On September 2, Anne, together with the other members of the group in hiding, was gathered into a group of one thousand persons and sent to Germany. They traveled in sealed railway cattle cars, seventy-five people crowded in each car, with only one, small, barred window, high up. The journey took several days, and on the third night, the train suddenly came to a stop. The doors of the car were jerked open, and blazing searchlights, SS men with dogs, and the bustling Kapos (prisoner guards) constituted the prisoners' first glimpse of the Auschwitz concentration camp. As the passengers streamed out of the train, the men were ordered to go right, and the women were ordered to go to the left. Children and sick people were told to enter trucks painted with big red crosses to spare them the hour's march to the camp, but the trucks never arrived. The children and sick people who entered them were never seen again.
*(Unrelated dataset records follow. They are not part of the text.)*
(* Let $n,p,\ell$ be positive integers, $A\in\mathbb{R}^{n\times n}$, $C\in\mathbb{R}^{p\times n}$, $X_0,W\in\mathbb{R}^{n\times n}$ symmetric positive definite, $V=\operatorname{diag}(\sigma_{v,1}^2,\dots,\sigma_{v,p}^2)$ with all $\sigma_{v,i}>0$, $\mathcal{I}=\{1,\dots,p\}$, and let $s\le p$ be a positive integer. Let $f$, $\gamma$, $\alpha$, $\underline{\gamma}$, $\overline{\alpha}$ be as defined in the context, and consider the problem of maximizing $f(\mathcal{S})$ over $\mathcal{S}\subseteq\mathcal{I}$ subject to $|\mathcal{S}|\le s$. Let $\mathcal{S}^*$ be an optimal solution and $\mathcal{S}^{\mathrm{g}}$ the output of the greedy algorithm described in the context. Then $$f(\mathcal{S}^{\mathrm{g}})\ge\frac{1}{\alpha}\left(1-e^{-\alpha\gamma}\right)f(\mathcal{S}^* )\ge\frac{1}{\overline{\alpha}}\left(1-e^{-\overline{\alpha}\,\underline{\gamma}}\right)f(\mathcal{S}^* ).$$
   Context: Let $\Phi\in\mathbb{R}^{n\ell\times n\ell}$ be the block lower-triangular matrix whose $(i,j)$ block ($i,j=1,\dots,\ell$) is $A^{i-j}$ for $i\ge j$ (with $A^0=I_n$) and $0$ for $i<j$. Let $Z=\operatorname{diag}(X_0,W,\dots,W)$ (block diagonal with $\ell$ blocks) and $L:=Z^{-1}$. For $\mathcal{S}=\{\theta_1<\dots<\theta_m\}\subseteq\mathcal{I}$, the selection matrix $S_{\mathcal{S}}\in\mathbb{R}^{m\times p}$ has $[S_{\mathcal{S}}]_{i,j}=1$ if $j=\theta_i$ and $0$ otherwise; set $G=\{I_\ell\otimes(S_{\mathcal{S}}C)\}\Phi$, $V_{\mathcal{S}}=I_\ell\otimes(S_{\mathcal{S}}VS_{\mathcal{S}}^\top)$, $U_{\mathcal{S}}:=G^\top V_{\mathcal{S}}^{-1}G$, with $U_\emptyset=0$. Define $J(\mathcal{S}):=\operatorname{tr}[(L+U_{\mathcal{S}})^{-1}]$ (the smoothing mean square error for $x_{k+1}=Ax_k+w_k$, $y_k=Cx_k+v_k$ over times $0,\dots,\ell-1$ using outputs indexed by $\mathcal{S}$) and $f(\mathcal{S}):=J(\emptyset)-J(\mathcal{S})$. Let $\underline{\gamma}:=\lambda_{\min}(L)/\lambda_{\max}(L+U_{\mathcal{I}})$ and $\overline{\alpha}:=1-\{\lambda_{\min}(L)\}^2/\{\lambda_{\max}(L+U_{\mathcal{I}})\}^2$. With $\rho_\Omega(\mathcal{S}):=f(\mathcal{S}\cup\Omega)-f(\mathcal{S})$, the submodularity ratio $\gamma$ of $f$ is the largest scalar with $\sum_{\omega\in\Omega\setminus\mathcal{S}}\rho_{\{\omega\}}(\mathcal{S})\ge\gamma\rho_\Omega(\mathcal{S})$ for all $\Omega,\mathcal{S}\subseteq\mathcal{I}$, and the curvature $\alpha$ of $f$ is the smallest scalar with $\rho_{\{j\}}(\mathcal{S}\setminus\{j\}\cup\Omega)\ge(1-\alpha)\rho_{\{j\}}(\mathcal{S}\setminus\{j\})$ for all $\Omega,\mathcal{S}\subseteq\mathcal{I}$, $j\in\mathcal{S}\setminus\Omega$. The greedy algorithm: set $\mathcal{S}_0=\emptyset$; for $i=1,\dots,s$ choose $\omega^*\in\arg\max_{\omega\in\mathcal{I}\setminus\mathcal{S}_{i-1}}[f(\mathcal{S}_{i-1}\cup\{\omega\})-f(\mathcal{S}_{i-1})]$ and set $\mathcal{S}_i=\mathcal{S}_{i-1}\cup\{\omega^*\}$; output $\mathcal{S}^{\mathrm{g}}=\mathcal{S}_s$. *)

theory Defs
  imports "Jordan_Normal_Form.Gauss_Jordan_Elimination" "Jordan_Normal_Form.Char_Poly"
begin

definition mtrace :: "real mat \<Rightarrow> real" where
  "mtrace M = (\<Sum>i<dim_row M. M $$ (i, i))"

definition minv :: "real mat \<Rightarrow> real mat" where
  "minv M = the (mat_inverse M)"

definition sym_posdef :: "nat \<Rightarrow> real mat \<Rightarrow> bool" where
  "sym_posdef n M \<longleftrightarrow> M \<in> carrier_mat n n \<and> transpose_mat M = M \<and>
     (\<forall>x \<in> carrier_vec n. x \<noteq> 0\<^sub>v n \<longrightarrow> x \<bullet> (M *\<^sub>v x) > 0)"

definition lambda_min :: "real mat \<Rightarrow> real" where
  "lambda_min M = Min {k. eigenvalue M k}"

definition lambda_max :: "real mat \<Rightarrow> real" where
  "lambda_max M = Max {k. eigenvalue M k}"

text \<open>Phi: (i,j) block is A^(i-j) for i >= j, 0 otherwise; l x l blocks of size n.\<close>
definition Phi_mat :: "nat \<Rightarrow> nat \<Rightarrow> real mat \<Rightarrow> real mat" where
  "Phi_mat n l A = mat (n*l) (n*l) (\<lambda>(r, c).
     if c div n \<le> r div n then (A ^\<^sub>m (r div n - c div n)) $$ (r mod n, c mod n) else 0)"

text \<open>Z = diag(X0, W, ..., W) with l blocks.\<close>
definition Z_mat :: "nat \<Rightarrow> nat \<Rightarrow> real mat \<Rightarrow> real mat \<Rightarrow> real mat" where
  "Z_mat n l X0 W = mat (n*l) (n*l) (\<lambda>(r, c).
     if r div n = c div n then (if r div n = 0 then X0 else W) $$ (r mod n, c mod n) else 0)"

text \<open>Kronecker product I_l \<otimes> M (block diagonal with l copies of M).\<close>
definition kron_eye :: "nat \<Rightarrow> real mat \<Rightarrow> real mat" where
  "kron_eye l M = mat (l * dim_row M) (l * dim_col M) (\<lambda>(r, c).
     if r div dim_row M = c div dim_col M
     then M $$ (r mod dim_row M, c mod dim_col M) else 0)"

text \<open>Selection matrix: row i selects the i-th smallest element of S (indices 0-based).\<close>
definition sel_mat :: "nat \<Rightarrow> nat set \<Rightarrow> real mat" where
  "sel_mat p S = mat (card S) p (\<lambda>(i, j). if j = sorted_list_of_set S ! i then 1 else 0)"

definition V_mat :: "nat \<Rightarrow> (nat \<Rightarrow> real) \<Rightarrow> real mat" where
  "V_mat p sigma = mat p p (\<lambda>(i, j). if i = j then (sigma i)\<^sup>2 else 0)"

definition L_mat :: "nat \<Rightarrow> nat \<Rightarrow> real mat \<Rightarrow> real mat \<Rightarrow> real mat" where
  "L_mat n l X0 W = minv (Z_mat n l X0 W)"

definition G_mat :: "nat \<Rightarrow> nat \<Rightarrow> nat \<Rightarrow> real mat \<Rightarrow> real mat \<Rightarrow> nat set \<Rightarrow> real mat" where
  "G_mat n p l A C S = kron_eye l (sel_mat p S * C) * Phi_mat n l A"

definition VS_mat :: "nat \<Rightarrow> nat \<Rightarrow> (nat \<Rightarrow> real) \<Rightarrow> nat set \<Rightarrow> real mat" where
  "VS_mat p l sigma S = kron_eye l (sel_mat p S * V_mat p sigma * transpose_mat (sel_mat p S))"

definition U_mat :: "nat \<Rightarrow> nat \<Rightarrow> nat \<Rightarrow> real mat \<Rightarrow> real mat \<Rightarrow> (nat \<Rightarrow> real) \<Rightarrow> nat set \<Rightarrow> real mat" where
  "U_mat n p l A C sigma S = (if S = {} then 0\<^sub>m (n*l) (n*l) else
     transpose_mat (G_mat n p l A C S) * minv (VS_mat p l sigma S) * G_mat n p l A C S)"

definition J_fun :: "nat \<Rightarrow> nat \<Rightarrow> nat \<Rightarrow> real mat \<Rightarrow> real mat \<Rightarrow> real mat \<Rightarrow> real mat
    \<Rightarrow> (nat \<Rightarrow> real) \<Rightarrow> nat set \<Rightarrow> real" where
  "J_fun n p l A C X0 W sigma S = mtrace (minv (L_mat n l X0 W + U_mat n p l A C sigma S))"

definition f_fun :: "nat \<Rightarrow> nat \<Rightarrow> nat \<Rightarrow> real mat \<Rightarrow> real mat \<Rightarrow> real mat \<Rightarrow> real mat
    \<Rightarrow> (nat \<Rightarrow> real) \<Rightarrow> nat set \<Rightarrow> real" where
  "f_fun n p l A C X0 W sigma S = J_fun n p l A C X0 W sigma {} - J_fun n p l A C X0 W sigma S"

definition gamma_lb :: "nat \<Rightarrow> nat \<Rightarrow> nat \<Rightarrow> real mat \<Rightarrow> real mat \<Rightarrow> real mat \<Rightarrow> real mat
    \<Rightarrow> (nat \<Rightarrow> real) \<Rightarrow> real" where
  "gamma_lb n p l A C X0 W sigma = lambda_min (L_mat n l X0 W)
     / lambda_max (L_mat n l X0 W + U_mat n p l A C sigma {..<p})"

definition alpha_ub :: "nat \<Rightarrow> nat \<Rightarrow> nat \<Rightarrow> real mat \<Rightarrow> real mat \<Rightarrow> real mat \<Rightarrow> real mat
    \<Rightarrow> (nat \<Rightarrow> real) \<Rightarrow> real" where
  "alpha_ub n p l A C X0 W sigma = 1 - (lambda_min (L_mat n l X0 W))\<^sup>2
     / (lambda_max (L_mat n l X0 W + U_mat n p l A C sigma {..<p}))\<^sup>2"

definition marg :: "(nat set \<Rightarrow> real) \<Rightarrow> nat set \<Rightarrow> nat set \<Rightarrow> real" where
  "marg f Om S = f (S \<union> Om) - f S"

definition subm_ratio :: "(nat set \<Rightarrow> real) \<Rightarrow> nat set \<Rightarrow> real" where
  "subm_ratio f I = (GREATEST g. g \<in> {0..1} \<and>
     (\<forall>Om S. Om \<subseteq> I \<longrightarrow> S \<subseteq> I \<longrightarrow>
        (\<Sum>w\<in>Om - S. marg f {w} S) \<ge> g * marg f Om S))"

definition curvature :: "(nat set \<Rightarrow> real) \<Rightarrow> nat set \<Rightarrow> real" where
  "curvature f I = (LEAST a. a \<in> {0..1} \<and>
     (\<forall>Om S j. Om \<subseteq> I \<longrightarrow> S \<subseteq> I \<longrightarrow> j \<in> S - Om \<longrightarrow>
        marg f {j} ((S - {j}) \<union> Om) \<ge> (1 - a) * marg f {j} (S - {j})))"

text \<open>Output Sg of the greedy algorithm (any tie-breaking) run for s steps.\<close>
definition greedy_output :: "(nat set \<Rightarrow> real) \<Rightarrow> nat set \<Rightarrow> nat \<Rightarrow> nat set \<Rightarrow> bool" where
  "greedy_output f I s Sg \<longleftrightarrow> (\<exists>Sq :: nat \<Rightarrow> nat set. Sq 0 = {} \<and>
     (\<forall>i<s. \<exists>w \<in> I - Sq i. Sq (Suc i) = insert w (Sq i) \<and>
        (\<forall>w' \<in> I - Sq i. f (insert w' (Sq i)) - f (Sq i) \<le> f (Sq (Suc i)) - f (Sq i))) \<and>
     Sg = Sq s)"

text \<open>(1/a)(1 - exp(-a g)), continuously extended by g at a = 0.\<close>
definition bound_factor :: "real \<Rightarrow> real \<Rightarrow> real" where
  "bound_factor a g = (if a = 0 then g else (1 / a) * (1 - exp (- a * g)))"

end

theory Submission
  imports Defs "HOL-Analysis.Convex" "HOL-Analysis.Function_Topology"
begin

(* The first inequality is the greedy guarantee for a monotone set function with f {} = 0,
   submodularity ratio gamma and curvature alpha. Let S_t be the greedy set after t steps and
   rho_t the gain of step t. Curvature gives f (S* \<union> S_t) \<ge> f S* + (1 - alpha) A_t, where A_t sums
   the gains of the earlier steps that picked an element outside S*; the submodularity ratio and
   the greedy choice give gamma (f (S* \<union> S_t) - f S_t) \<le> |S* - S_t| rho_t. A backward recursion over
   the steps turns these inequalities into f S^g \<ge> (1/alpha) (1 - exp (- alpha gamma)) f S*.

   For the smoothing problem, J S = tr (M_S^-1) with M_S = L + U_S, and for S \<subseteq> T the update
   U_T - U_S is positive semidefinite, its form being a sum of squares over the sensors in T - S.
   All M_S lie between lambda_min L and lambda_max M_I, so c M_T \<le> M_S with
   c = lambda_min L / lambda_max M_I. Comparing M_S^-1 and M_T^-1 along the update then yields
   gamma \<ge> c and 1 - alpha \<ge> c^2; as bound_factor increases in gamma and decreases in alpha,
   the second inequality follows. *)

section \<open>Greedy maximization under a submodularity ratio and curvature\<close>

lemma bound_factor_nonneg:
  assumes "0 \<le> a" "0 \<le> g"
  shows "0 \<le> bound_factor a g"
  using assms by (auto simp: bound_factor_def mult_nonneg_nonneg)

lemma bound_factor_le:
  assumes "0 \<le> a" "0 \<le> g"
  shows "bound_factor a g \<le> g"
proof (cases "a = 0")
  case False
  have "1 - exp (- a * g) \<le> a * g"
    using exp_ge_add_one_self[of "- a * g"] by simp
  with False assms show ?thesis by (simp add: bound_factor_def field_simps)
qed (simp add: bound_factor_def)

lemma bound_factor_mono_right:
  assumes "0 \<le> a" "g1 \<le> g2"
  shows "bound_factor a g1 \<le> bound_factor a g2"
proof (cases "a = 0")
  case False
  then have "a > 0" using assms by auto
  moreover have "exp (- a * g2) \<le> exp (- a * g1)" using \<open>a > 0\<close> assms by (simp add: mult_left_mono)
  ultimately show ?thesis by (simp add: bound_factor_def divide_right_mono)
qed (use assms in \<open>simp add: bound_factor_def\<close>)

lemma bound_factor_antimono_left:
  assumes "0 \<le> a1" "a1 \<le> a2" "0 \<le> g"
  shows "bound_factor a2 g \<le> bound_factor a1 g"
proof (cases "a1 = 0")
  case True
  then show ?thesis using bound_factor_le[of a2 g] assms by (simp add: bound_factor_def)
next
  case False
  then have a1: "a1 > 0" and a2: "a2 > 0" using assms by auto
  define lam where "lam = a1 / a2"
  have lam: "0 \<le> lam" "lam \<le> 1" using assms a2 by (auto simp: lam_def)
  \<comment> \<open>\<open>bound_factor a g\<close> is the slope of the chord from \<open>0\<close> to \<open>a\<close> of the concave \<open>\<lambda>a. 1 - exp (- a * g)\<close>\<close>
  have "exp ((1 - lam) * 0 + lam * (- (a2 * g))) \<le> (1 - lam) * exp 0 + lam * exp (- (a2 * g))"
    using convex_onD[OF exp_convex, of lam 0 "- (a2 * g)"] lam by simp
  moreover have "lam * (a2 * g) = a1 * g" using a2 by (simp add: lam_def)
  ultimately have "(a1 / a2) * (1 - exp (- (a2 * g))) \<le> 1 - exp (- (a1 * g))"
    by (simp add: lam_def algebra_simps)
  then show ?thesis using a1 a2 by (simp add: bound_factor_def field_simps)
qed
Anne, her mother, Margot, and Mrs. Van Daan all marched with the rest of the women to the camp, hustled along at a brutal pace by the SS guards and the Kapos. On arrival at the camp, everyone's head was shaved; yet a woman who was with Anne at that time said of Anne; "You could see that her beauty was wholly in her eyes. . . . Her gaiety had vanished, but she was still lively and sweet, and with her charm she sometimes secured things that the rest of us had long since given up hoping for.